I also didn't write the LSM-based programs, their respective authors did. I trusted each of them to use their own APIs correctly. That may have been a mistake in the case of the TokuDB code, but given the lack of documentation I didn't have much better alternatives.
4) We have much longer benchmark runs published as well. But as noted here http://symas.com/mdb/hyperdex/ what really matters is the total number of ops executed. "Running for a long time" is only a requirement when your DB engine is ... slow.
Welcome, Bradley and Leif, to the club of people whom Howard has declared are doing it wrong. You are in fine company as I am also a member of that club. Although I do prefer snark from Turing Award winners. I don't think there is reason to pursue a discussion. It won't end well. But I do understand the desire to address the claims once.
In a DB with LSM storage you are free to do whatever you need to do.
For example, you can compact size-tiered levels when their size ratio exceeds some threshold. This approach will make situation presented in paper impossible.
In short, levels 1..N should be compacted into one when sum_{i=1..N-1}level_size(i)>=C*level_size(N).
The multiplier C is important. Compactions will be rare and writes will be faster if C is bigger than 1. The read performance will be worse - we have to read more levels. To make compactions more often, we make C smaller. This way we prioritize read speed.

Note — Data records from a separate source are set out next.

lemma tree_lap_mat_mult_alternating:
  assumes m: "1 \<le> m" and i: "i < tree_size (Suc m) R"
  shows "(tree_lap_mat (Suc m) R *\<^sub>v vec (tree_size (Suc m) R) (\<lambda>j. (-1) ^ heap_depth m j * F (heap_depth m j))) $ i =
    (-1) ^ heap_depth m i * (level_deg (real m) R (heap_depth m i) * F (heap_depth m i)
      + level_adj (real m) R F (heap_depth m i))"
proof -
  have "(\<Sum>j<tree_size (Suc m) R. if tree_adj (Suc m) i j then (-1) ^ heap_depth m j * F (heap_depth m j) else 0)
      = - ((-1) ^ heap_depth m i * level_adj (real m) R F (heap_depth m i))"
    using sum_tree_neighbours_radial[OF m, of i R "\<lambda>k. (-1) ^ k * F k"] i
    unfolding tree_size_eq_heap_size level_adj_alternating by simp
  then show ?thesis
    unfolding tree_lap_mat_mult_vec_nth[OF i] real_tree_deg[OF m i] by (simp add: algebra_simps)
qed

lemma tree_adj_mat_row_sum:
  assumes m: "1 \<le> m" and i: "i < tree_size (Suc m) R"
  shows "tree_adj_mat (Suc m) R $$ (i, i) * F (heap_depth m i)
      + (\<Sum>j\<in>{..<tree_size (Suc m) R} - {i}. \<bar>tree_adj_mat (Suc m) R $$ (i, j)\<bar> * F (heap_depth m j))
    = level_adj (real m) R F (heap_depth m i)"
  using tree_mat_off_diagonal_sum[OF m i, of "tree_adj_mat (Suc m) R"] tree_adj_irrefl[OF m, of i]
    sum_tree_neighbours_radial[OF m, of i R F] i
  by (simp add: tree_adj_mat_def tree_size_eq_heap_size)

lemma tree_lap_mat_row_sum:
  assumes m: "1 \<le> m" and i: "i < tree_size (Suc m) R"
  shows "tree_lap_mat (Suc m) R $$ (i, i) * F (heap_depth m i)
      + (\<Sum>j\<in>{..<tree_size (Suc m) R} - {i}. \<bar>tree_lap_mat (Suc m) R $$ (i, j)\<bar> * F (heap_depth m j))
    = level_deg (real m) R (heap_depth m i) * F (heap_depth m i) + level_adj (real m) R F (heap_depth m i)"
  using tree_mat_off_diagonal_sum[OF m i, of "tree_lap_mat (Suc m) R"] tree_adj_irrefl[OF m, of i]
    sum_tree_neighbours_radial[OF m, of i R F] real_tree_deg[OF m i] i
  by (simp add: tree_lap_mat_def tree_size_eq_heap_size)

section \<open>The spectra of the tree\<close>

lemma Max_eigenvalue_tree_adj_mat:
  assumes m: "1 \<le> m"
  shows "Max {a. eigenvalue (tree_adj_mat (Suc m) R) a} = 2 * sqrt (real m) * cos (pi / (real R + 2))"
proof -
  define n where "n = tree_size (Suc m) R"
  define s where "s = sqrt (real m)"
  define \<mu> where "\<mu> = 2 * s * cos (pi / real (R + 2))"
  define F where "F = scaled_sin s (pi / real (R + 2))"
  define f where "f k = F (Suc k)" for k
  have s: "0 < s" "s\<^sup>2 = real m"
    using m by (simp_all add: s_def)
  have A: "tree_adj_mat (Suc m) R \<in> carrier_mat n n"
    by (simp add: tree_adj_mat_def n_def)
  have depth: "heap_depth m i \<le> R" if "i < n" for i
    using heap_depth_le_of_tree[OF m] that by (simp add: n_def)
  have f_pos: "0 < f k" if "k \<le> R" for k
    using scaled_sin_pos[OF s(1), of "Suc k" "R + 2"] that unfolding f_def F_def by simp
  have f_eq: "level_adj (real m) R f k = \<mu> * f k" if "k \<le> R" for k
    using level_adj_shift_eq[of F "real m" \<mu> R k] scaled_sin_rec[of s] scaled_sin_root[of s "R + 2"]
      that s unfolding f_def F_def \<mu>_def by simp
  have "eigenvalue (tree_adj_mat (Suc m) R) \<mu>"
    using tree_adj_mat_mult_radial[OF m, of _ R f] f_eq depth f_pos[of 0] tree_size_pos[of "Suc m" R]
    by (intro eigenvalue_vecI[OF A, of "\<lambda>j. f (heap_depth m j)" \<mu> 0]) (auto simp: n_def)
  then have "Max {a. eigenvalue (tree_adj_mat (Suc m) R) a} = \<mu>"
    using tree_adj_mat_row_sum[OF m, of _ R f] f_eq depth f_pos
    by (intro Max_eigenvalues_eqI[OF A, of \<mu> "\<lambda>j. f (heap_depth m j)"]) (auto simp: n_def)
  then show ?thesis
    by (simp add: \<mu>_def s_def add.commute)
qed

And the most important thing here that we can compact levels even for read transactions. If we have many read transactions, it is necessary to make then faster.
This very important point of LSM design is not mentioned in any literature I read.
Fractal trees can be seen as basically LSM trees with fixed coefficient C=1. And with embedded index, as smaller levels provide indexing for bigger levels.
So they force database designer into some corner. Which is different from corner of B+trees, but corner nevertheless. LSM trees are more flexible in that regard, in my opinion.
No, I don't think you can view a fractal tree as an LSM tree with C=1.
One conclusion of this paper is that for worst-case workloads, LSM trees are not as good asympotically as fractal trees. It's all fine and good to be flexible, but if there is no good setting of the parameters, the flexibility doesn't actually help solve the problem.
A fully compacted LSM-tree should be equivalent to a b-tree in terms of read performance. However I don't think any existing implementations are anywhere near that.
I appreciate TokuTek's work in this area but their marketing should be taken with a grain of salt. They've published some stupid stuff before (look at the graph here[1] and tell me how to make something just like a b-tree, but faster).